* Goal of the exercise: This exercise calls for a copy of every line in the listing below that carries the word "finally".

* Supplied records:
lemma visits_perturb_l1_le:
  assumes K0: "contracting_kernel K0 c" and Ky: "contracting_kernel (\<lambda>s s'. K0 s s' + y * E s s') c'"
  shows "(1 - c) * (1 - c') * (\<Sum>s\<in>UNIV. \<bar>visits (\<lambda>s s'. K0 s s' + y * E s s') \<rho> s - visits K0 \<rho> s\<bar>)
         \<le> \<bar>y\<bar> * (\<Sum>s\<in>UNIV. \<Sum>s'\<in>UNIV. \<bar>E s s'\<bar>) * (\<Sum>s\<in>UNIV. \<bar>\<rho> s\<bar>)"
proof -
  let ?v = "visits (\<lambda>s s'. K0 s s' + y * E s s') \<rho>"
  define B where "B = (\<Sum>s\<in>UNIV. \<Sum>s'\<in>UNIV. \<bar>E s s'\<bar>)"
  have B: "(\<Sum>s'\<in>UNIV. \<bar>E s s'\<bar>) \<le> B" "0 \<le> B" for s
    unfolding B_def by (auto intro: member_le_sum sum_nonneg)
  have c': "0 \<le> 1 - c'"
    using Ky by (simp add: contracting_kernel_def)
  have "(1 - c) * (\<Sum>s\<in>UNIV. \<bar>?v s - visits K0 \<rho> s\<bar>) \<le> (\<Sum>s'\<in>UNIV. \<bar>y * (\<Sum>s\<in>UNIV. ?v s * E s s')\<bar>)"
    using visits_difference_l1_le[OF K0 Ky, of \<rho>] by (simp add: sum_distrib_left mult.left_commute)
  also have "\<dots> = \<bar>y\<bar> * (\<Sum>s'\<in>UNIV. \<bar>\<Sum>s\<in>UNIV. ?v s * E s s'\<bar>)"
    by (simp add: abs_mult flip: sum_distrib_left)
  also have "\<dots> \<le> \<bar>y\<bar> * (B * (\<Sum>s\<in>UNIV. \<bar>?v s\<bar>))"
    by (intro mult_left_mono l1_norm_kernel_mult_le B) simp
  finally have diff: "(1 - c) * (\<Sum>s\<in>UNIV. \<bar>?v s - visits K0 \<rho> s\<bar>) \<le> \<bar>y\<bar> * (B * (\<Sum>s\<in>UNIV. \<bar>?v s\<bar>))" .
  have "(1 - c') * (\<Sum>s\<in>UNIV. \<bar>?v s\<bar>) \<le> (\<Sum>s\<in>UNIV. \<bar>\<rho> s\<bar>)"
    by (rule l1_le_of_fixpoint[OF Ky visits_fixpoint[OF Ky]])
  then have "\<bar>y\<bar> * B * ((1 - c') * (\<Sum>s\<in>UNIV. \<bar>?v s\<bar>)) \<le> \<bar>y\<bar> * B * (\<Sum>s\<in>UNIV. \<bar>\<rho> s\<bar>)"
    using B(2) by (intro mult_left_mono) auto
  moreover have "(1 - c') * ((1 - c) * (\<Sum>s\<in>UNIV. \<bar>?v s - visits K0 \<rho> s\<bar>))
      \<le> \<bar>y\<bar> * B * ((1 - c') * (\<Sum>s\<in>UNIV. \<bar>?v s\<bar>))"
    using mult_left_mono[OF diff c'] by (simp add: ac_simps)
  ultimately show ?thesis
    unfolding B_def by (simp add: ac_simps)
qed
lemma segment_rt_eq_between: "segment_rt x y = {z. dist x z + dist z y = dist x (y :: 'a)}"
proof (intro set_eqI iffI)
  fix z assume "z \<in> segment_rt x y"
  then obtain t where "t \<in> {0..dist x y}" "z = seg_param x y t" unfolding segment_rt_def by auto
  then show "z \<in> {z. dist x z + dist z y = dist x y}"
    by (simp add: dist_seg_param_left dist_seg_param_right)
next
  fix z assume "z \<in> {z. dist x z + dist z y = dist x y}"
  then have between: "dist x z + dist z y = dist x y" by simp
  then have "dist x z \<in> {0..dist x y}"
    using zero_le_dist[of z y] zero_le_dist[of x z] unfolding atLeastAtMost_iff by linarith
  then show "z \<in> segment_rt x y"
    unfolding segment_rt_def using seg_param_unique[OF between] by (metis image_eqI)
qed

lemma between_move_endpoint:
  fixes a x y z :: 'a
  assumes "dist x z + dist z y = dist x y" "dist x a < dist x z"
  shows "dist a z + dist z y = dist a y"
proof -
  have "min (gromov_product z x a) (gromov_product z y a) \<le> gromov_product z x y"
    by (rule gromov_product_min_le)
  moreover have "gromov_product z x y = 0"
    using assms(1) by (simp add: gromov_product_def dist_commute)
  moreover have "dist x a < dist x z + dist a z"
    using assms(2) zero_le_dist[of a z] by linarith
  then have "gromov_product z x a > 0" unfolding gromov_product_def by simp
  ultimately have "gromov_product z y a \<le> 0" by linarith
  then show ?thesis
    using dist_triangle[of a y z] by (simp add: gromov_product_def dist_commute)
qed

lemma inj_on_seg_param: "inj_on (seg_param x y) {0..dist x (y :: 'a)}"
  by (rule inj_onI) (use dist_seg_param in fastforce)

lemma continuous_on_seg_param: "continuous_on {0..dist x y} (seg_param x (y :: 'a))"
proof (rule lipschitz_on_continuous_on)
  show "1-lipschitz_on {0..dist x y} (seg_param x y)"
    by (rule lipschitz_onI) (simp_all add: dist_seg_param dist_real_def)
qed
(* Let $G$ be a finite group with $|G| = 30p$, where $p$ is a prime with $p \ge 7$. Then: (1) the commutator subgroup $G'$ is cyclic; (2) $G' \cap Z(G) = \{e\}$; (3) $G \cong \mathbb{Z}_n \ltimes G'$ for some positive integer $n$; and (4) if $b$ is a generator of the factor $\mathbb{Z}_n$ in (3), and $\tau \in \mathbb{Z}$ is chosen such that $x^b = x^\tau$ for all $x \in G'$, then $\gcd(\tau - 1, |G'|) = 1$.
   Context: $G' = [G,G]$ is the commutator subgroup, $Z(G)$ the center, and $x^b = b^{-1} x b$ denotes conjugation. *)

theory Defs
  imports "HOL-Algebra.Algebra"
begin

definition group_center :: "('a, 'b) monoid_scheme \<Rightarrow> 'a set" where
  "group_center G = {z \<in> carrier G. \<forall>g \<in> carrier G. z \<otimes>\<^bsub>G\<^esub> g = g \<otimes>\<^bsub>G\<^esub> z}"

text \<open>Internal semidirect product with cyclic complement: b generates a cyclic
  subgroup (isomorphic to Z_n, n = ord b) which is a complement of the normal
  subgroup N, i.e. G = <b> N and <b> \<inter> N = 1. Then G is isomorphic to
  Z_n \<ltimes> N, with Z_n acting on N by conjugation by b.\<close>
definition cyclic_complement_gen :: "('a, 'b) monoid_scheme \<Rightarrow> 'a set \<Rightarrow> 'a \<Rightarrow> bool" where
  "cyclic_complement_gen G N b \<longleftrightarrow>
     b \<in> carrier G \<and>
     generate G {b} \<inter> N = {\<one>\<^bsub>G\<^esub>} \<and>
     generate G {b} <#>\<^bsub>G\<^esub> N = carrier G"

end
(* Let $C$ be a self-dual $[20,10,9]$ code over $\mathrm{GF}(7)$ with $A_7(C)\cong D_{20}^+$. Then there exists a skew-Hadamard matrix $H$ of order $20$ such that $C$ is generated over $\mathrm{GF}(7)$ by the row vectors of $H+2I$ (reduced modulo $7$).
   Context: An $[n,k,d]$ code over $\mathrm{GF}(p)$ is a $k$-dimensional subspace of $\mathrm{GF}(p)^n$ with minimum nonzero Hamming weight $d$; it is self-dual if $C=C^\perp$ under the standard inner product. Construction A: let $\varepsilon_1,\dots,\varepsilon_{20}$ be an orthogonal basis of $\mathbb{R}^{20}$ with $(\varepsilon_i,\varepsilon_j)=7\delta_{i,j}$, and $A_7(C)=\{\frac17\sum_{i=1}^{20} x_i\varepsilon_i\mid x\in\mathbb{Z}^{20},\ x\bmod 7\in C\}$. Lattices $L,L'$ are isomorphic if $L'=\{xA\mid x\in L\}$ for an orthogonal matrix $A$. With $e_1,\dots,e_{20}$ the standard basis of $\mathbb{R}^{20}$: $D_{20}=\{\sum\alpha_ie_i\mid\alpha\in\mathbb{Z}^{20},\ \sum\alpha_i\equiv0\pmod 2\}$, $D_{20}^+=\langle D_{20},\frac12\mathbf 1\rangle$ with $\mathbf 1$ the all-one vector. A Hadamard matrix of order $n$ is an $n\times n$ $(1,-1)$-matrix $H$ with $HH^\top=nI$; it is skew-Hadamard if moreover $H+H^\top=2I$. *)

theory Defs
  imports "HOL-Analysis.Analysis" "Berlekamp_Zassenhaus.Finite_Field"
begin

text \<open>Codes of length n over a finite field F are subsets of F^n, here the type 'f ^ 'n
  with 'n a finite index type of cardinality n.  GF(p) is 'p mod_ring with CARD('p) = p prime.\<close>

definition code_inner :: "'f::field ^ 'n \<Rightarrow> 'f ^ 'n \<Rightarrow> 'f" where
  "code_inner x y = (\<Sum>i\<in>UNIV. x $ i * y $ i)"

definition dual_code :: "('f::field ^ 'n) set \<Rightarrow> ('f ^ 'n) set" where
  "dual_code C = {y. \<forall>x\<in>C. code_inner x y = 0}"

definition self_dual :: "('f::field ^ 'n) set \<Rightarrow> bool" where
  "self_dual C \<longleftrightarrow> C = dual_code C"

definition hamming_weight :: "'f::zero ^ 'n \<Rightarrow> nat" where
  "hamming_weight x = card {i. x $ i \<noteq> 0}"

definition min_weight :: "('f::zero ^ 'n) set \<Rightarrow> nat" where
  "min_weight C = Min (hamming_weight ` (C - {0}))"

definition is_nkd_code :: "nat \<Rightarrow> nat \<Rightarrow> nat \<Rightarrow> ('f::field ^ 'n) set \<Rightarrow> bool" where
  "is_nkd_code n k d C \<longleftrightarrow> CARD('n) = n \<and> vec.subspace C \<and> vec.dim C = k \<and> min_weight C = d"

text \<open>Construction A with the orthogonal basis eps_i = sqrt p * e_i, (eps_i,eps_j) = p delta_ij:
  A_p(C) = { (1/p) sum x_i eps_i | x in Z^n, x mod p in C }.\<close>
definition constructionA :: "('p::prime_card mod_ring ^ 'n) set \<Rightarrow> (real ^ 'n) set" where
  "constructionA C =
     {(\<chi> i. (1 / real CARD('p)) * real_of_int (x $ i) * sqrt (real CARD('p))) | x :: int ^ 'n.
        (\<chi> i. (of_int (x $ i) :: 'p mod_ring)) \<in> C}"

definition lattice_iso :: "(real ^ 'n) set \<Rightarrow> (real ^ 'n) set \<Rightarrow> bool" where
  "lattice_iso L L' \<longleftrightarrow> (\<exists>A :: real ^ 'n ^ 'n. orthogonal_matrix A \<and> L' = (\<lambda>x. x v* A) ` L)"

definition D_lattice :: "(real ^ 'n) set" where
  "D_lattice = {(\<chi> i. real_of_int (a $ i)) | a :: int ^ 'n. even (\<Sum>i\<in>UNIV. a $ i)}"
(* $\Omega$ is an open subset of $\widehat G$.
   Context: Let $G$ be a metrizable, $\sigma$-compact locally compact abelian group (written additively) with Haar measure $\nu$, and $(Y,\lambda)$ a $\sigma$-finite measure space with $L^2(G,\nu)$, $L^2(Y,\lambda)$ separable. Let $H$ be a reproducing kernel Hilbert space of complex functions on $G\times Y$ whose inner product is that of $L^2(G\times Y,\nu\otimes\lambda)$, with reproducing kernel $(K_{x,y})_{(x,y)\in G\times Y}$. Assume $K_{x,y}(u,v)=K_{0,y}(u-x,v)$ for all $u,x\in G$, $v,y\in Y$, and $\sup_{v\in Y}\int_G|K_{0,y}(u,v)|\,d\nu(u)<\infty$ for every $y\in Y$. Let $\widehat G$ be the dual group of $G$ (with its usual topology). Define $L_{\xi,y}(v)=\int_G K_{0,y}(u,v)\overline{\xi(u)}\,d\nu(u)$ for $\xi\in\widehat G$, $y,v\in Y$, and $\Omega=\{\xi\in\widehat G:\exists y\in Y,\ L_{\xi,y}(y)>0\}$. *)

theory Defs
  imports "HOL-Analysis.Analysis"
begin

text \<open>A Haar measure on a (metrizable, sigma-compact, locally compact) abelian group:
  a nonzero translation-invariant Borel measure which is finite on compact sets and positive on
  nonempty open sets. (On sigma-compact metrizable locally compact spaces such locally finite Borel
  measures are automatically regular, i.e. Radon.)\<close>

definition haar_measure :: "('g::{topological_ab_group_add, metric_space}) measure \<Rightarrow> bool" where
  "haar_measure \<nu> \<longleftrightarrow>
     sets \<nu> = sets borel \<and>
     (\<forall>K. compact K \<longrightarrow> emeasure \<nu> K < \<infinity>) \<and>
     (\<forall>U. open U \<and> U \<noteq> {} \<longrightarrow> emeasure \<nu> U > 0) \<and>
     (\<forall>x. \<forall>A \<in> sets borel. emeasure \<nu> ((\<lambda>u. x + u) ` A) = emeasure \<nu> A)"

definition square_integrable :: "'a measure \<Rightarrow> ('a \<Rightarrow> complex) \<Rightarrow> bool" where
  "square_integrable M f \<longleftrightarrow> f \<in> borel_measurable M \<and> integrable M (\<lambda>z. (cmod (f z))\<^sup>2)"

definition L2_dist2 :: "'a measure \<Rightarrow> ('a \<Rightarrow> complex) \<Rightarrow> ('a \<Rightarrow> complex) \<Rightarrow> real" where
  "L2_dist2 M f g = (\<integral>z. (cmod (f z - g z))\<^sup>2 \<partial>M)"

definition L2_separable :: "'a measure \<Rightarrow> bool" where
  "L2_separable M \<longleftrightarrow> (\<exists>D. countable D \<and> (\<forall>d\<in>D. square_integrable M d) \<and>
     (\<forall>f. square_integrable M f \<longrightarrow> (\<forall>e>0. \<exists>d\<in>D. L2_dist2 M f d < e)))"

text \<open>H is a set of (genuine) functions on the space of M, each square integrable, forming a
  complex linear space which is complete for the L2 norm (so a Hilbert space with the L2 inner
  product); K z is the reproducing kernel at z: K z \<in> H and f z = \<langle>f, K z\<rangle>_{L2} for f \<in> H.\<close>

definition rkhs_L2 :: "'a measure \<Rightarrow> ('a \<Rightarrow> complex) set \<Rightarrow> ('a \<Rightarrow> 'a \<Rightarrow> complex) \<Rightarrow> bool" where
  "rkhs_L2 M H K \<longleftrightarrow>
     (\<forall>f\<in>H. square_integrable M f) \<and>
     (\<lambda>_. 0) \<in> H \<and>
     (\<forall>f\<in>H. \<forall>g\<in>H. (\<lambda>z. f z + g z) \<in> H) \<and>
     (\<forall>c. \<forall>f\<in>H. (\<lambda>z. c * f z) \<in> H) \<and>
     (\<forall>s. (\<forall>n. s n \<in> H) \<and> (\<forall>e>0. \<exists>N. \<forall>m\<ge>N. \<forall>n\<ge>N. L2_dist2 M (s m) (s n) < e)
          \<longrightarrow> (\<exists>f\<in>H. (\<lambda>n. L2_dist2 M (s n) f) \<longlonglongrightarrow> 0)) \<and>
     (\<forall>z\<in>space M. K z \<in> H) \<and>
     (\<forall>f\<in>H. \<forall>z\<in>space M. f z = (\<integral>w. f w * cnj (K z w) \<partial>M))"

definition dual_group :: "('g::{topological_ab_group_add, metric_space} \<Rightarrow> complex) set" where
  "dual_group = {\<xi>. continuous_on UNIV \<xi> \<and> (\<forall>x. cmod (\<xi> x) = 1) \<and> (\<forall>x y. \<xi> (x + y) = \<xi> x * \<xi> y)}"

text \<open>The usual topology on the dual group: the compact-open topology, i.e. the topology of
  uniform convergence on compact subsets of G.\<close>

definition dual_open :: "('g::{topological_ab_group_add, metric_space} \<Rightarrow> complex) set \<Rightarrow> bool" where
  "dual_open U \<longleftrightarrow> U \<subseteq> dual_group \<and>
     (\<forall>\<xi>0\<in>U. \<exists>K e. compact K \<and> e > 0 \<and>
        {\<xi>\<in>dual_group. \<forall>x\<in>K. cmod (\<xi> x - \<xi>0 x) < e} \<subseteq> U)"
lemma relative_trace_eq_0_iff:
  fixes a :: 'a
  assumes v: "v \<in> Dq" and e: "e \<in> Fq"
  defines "\<mu> \<equiv> e - e ^ 3 * v ^ 2 - a"
  shows "\<mu> + \<mu> ^ q = 0 \<longleftrightarrow> e ^ 3 * v ^ 2 = e + a + a ^ q"
proof -
  have "\<mu> ^ q = e - e ^ 3 * v ^ 2 - a ^ q"
    using v e power_q_commute[of e 3] power_q_commute[of v 2]
    by (simp add: \<mu>_def power_q_diff power_mult_distrib)
  then have "\<mu> + \<mu> ^ q = e ^ 3 * v ^ 2 - (e + a + a ^ q) - 3 * (e ^ 3 * v ^ 2 - e)"
    by (simp add: \<mu>_def algebra_simps)
  then show ?thesis
    by (simp add: three_eq_0)
qed

lemma walsh_eq_sum_Dq:
  fixes a b :: 'a
  assumes "b \<noteq> 0" and e: "e ^ 3 = inverse (b ^ (q + 1))"
  defines "a' \<equiv> a / b"
  shows "Wf a b
       = of_nat q * (\<Sum>v\<in>{v\<in>Dq. e ^ 3 * v ^ 2 = e + a' + a' ^ q}. \<psi> (- (a' * v)))"
proof -
  let ?\<mu> = "\<lambda>v. e - e ^ 3 * v ^ 2 - a'"
  have eF: "e \<in> Fq"
    using cube_root_in_Fq inverse_norm_in_Fq e by simp
  have "Wf a b = (\<Sum>y\<in>UNIV. \<psi> (e ^ 3 * y ^ (q + 2) - a' * y))"
    using walsh_rescale[OF assms(1)] by (simp add: e a'_def)
  also have "\<dots> = (\<Sum>(u, v)\<in>Fq \<times> Dq. \<psi> (e ^ 3 * (u + v) ^ (q + 2) - a' * (u + v)))"
    using sum.reindex_bij_betw[OF Fq_times_Dq_bij, of "\<lambda>y. \<psi> (e ^ 3 * y ^ (q + 2) - a' * y)"]
    by (simp add: case_prod_beta)
  also have "\<dots> = (\<Sum>u\<in>Fq. \<Sum>v\<in>Dq. \<psi> (u * ?\<mu> v) * \<psi> (- (a' * v)))"
    unfolding sum.cartesian_product[symmetric]
  proof (intro sum.cong refl)
    fix u v assume "u \<in> Fq" "v \<in> Dq"
    then have "\<psi> (e ^ 3 * (u + v) ^ (q + 2) - a' * (u + v)) = \<psi> (u * ?\<mu> v - a' * v)"
      using eF by (intro canonical_char_cong abs_trace_power_linear_in_Fq)
    then show "\<psi> (e ^ 3 * (u + v) ^ (q + 2) - a' * (u + v)) = \<psi> (u * ?\<mu> v) * \<psi> (- (a' * v))"
      by (simp add: canonical_char_add[symmetric])
  qed
  also have "\<dots> = (\<Sum>v\<in>Dq. \<psi> (- (a' * v)) * (\<Sum>u\<in>Fq. \<psi> (u * ?\<mu> v)))"
    by (subst sum.swap) (simp add: sum_distrib_left mult.commute)
  also have "\<dots> = (\<Sum>v\<in>Dq. if e ^ 3 * v ^ 2 = e + a' + a' ^ q then of_nat q * \<psi> (- (a' * v)) else 0)"
    using eF by (intro sum.cong refl) (simp add: sum_canonical_char_Fq relative_trace_eq_0_iff)
  also have "\<dots> = of_nat q * (\<Sum>v\<in>{v\<in>Dq. e ^ 3 * v ^ 2 = e + a' + a' ^ q}. \<psi> (- (a' * v)))"
    by (simp add: sum.inter_filter[symmetric] sum_distrib_left)
  finally show ?thesis .
qed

* Finished exercise:
  finally have diff: "(1 - c) * (\<Sum>s\<in>UNIV. \<bar>?v s - visits K0 \<rho> s\<bar>) \<le> \<bar>y\<bar> * (B * (\<Sum>s\<in>UNIV. \<bar>?v s\<bar>))" .
  finally show ?thesis .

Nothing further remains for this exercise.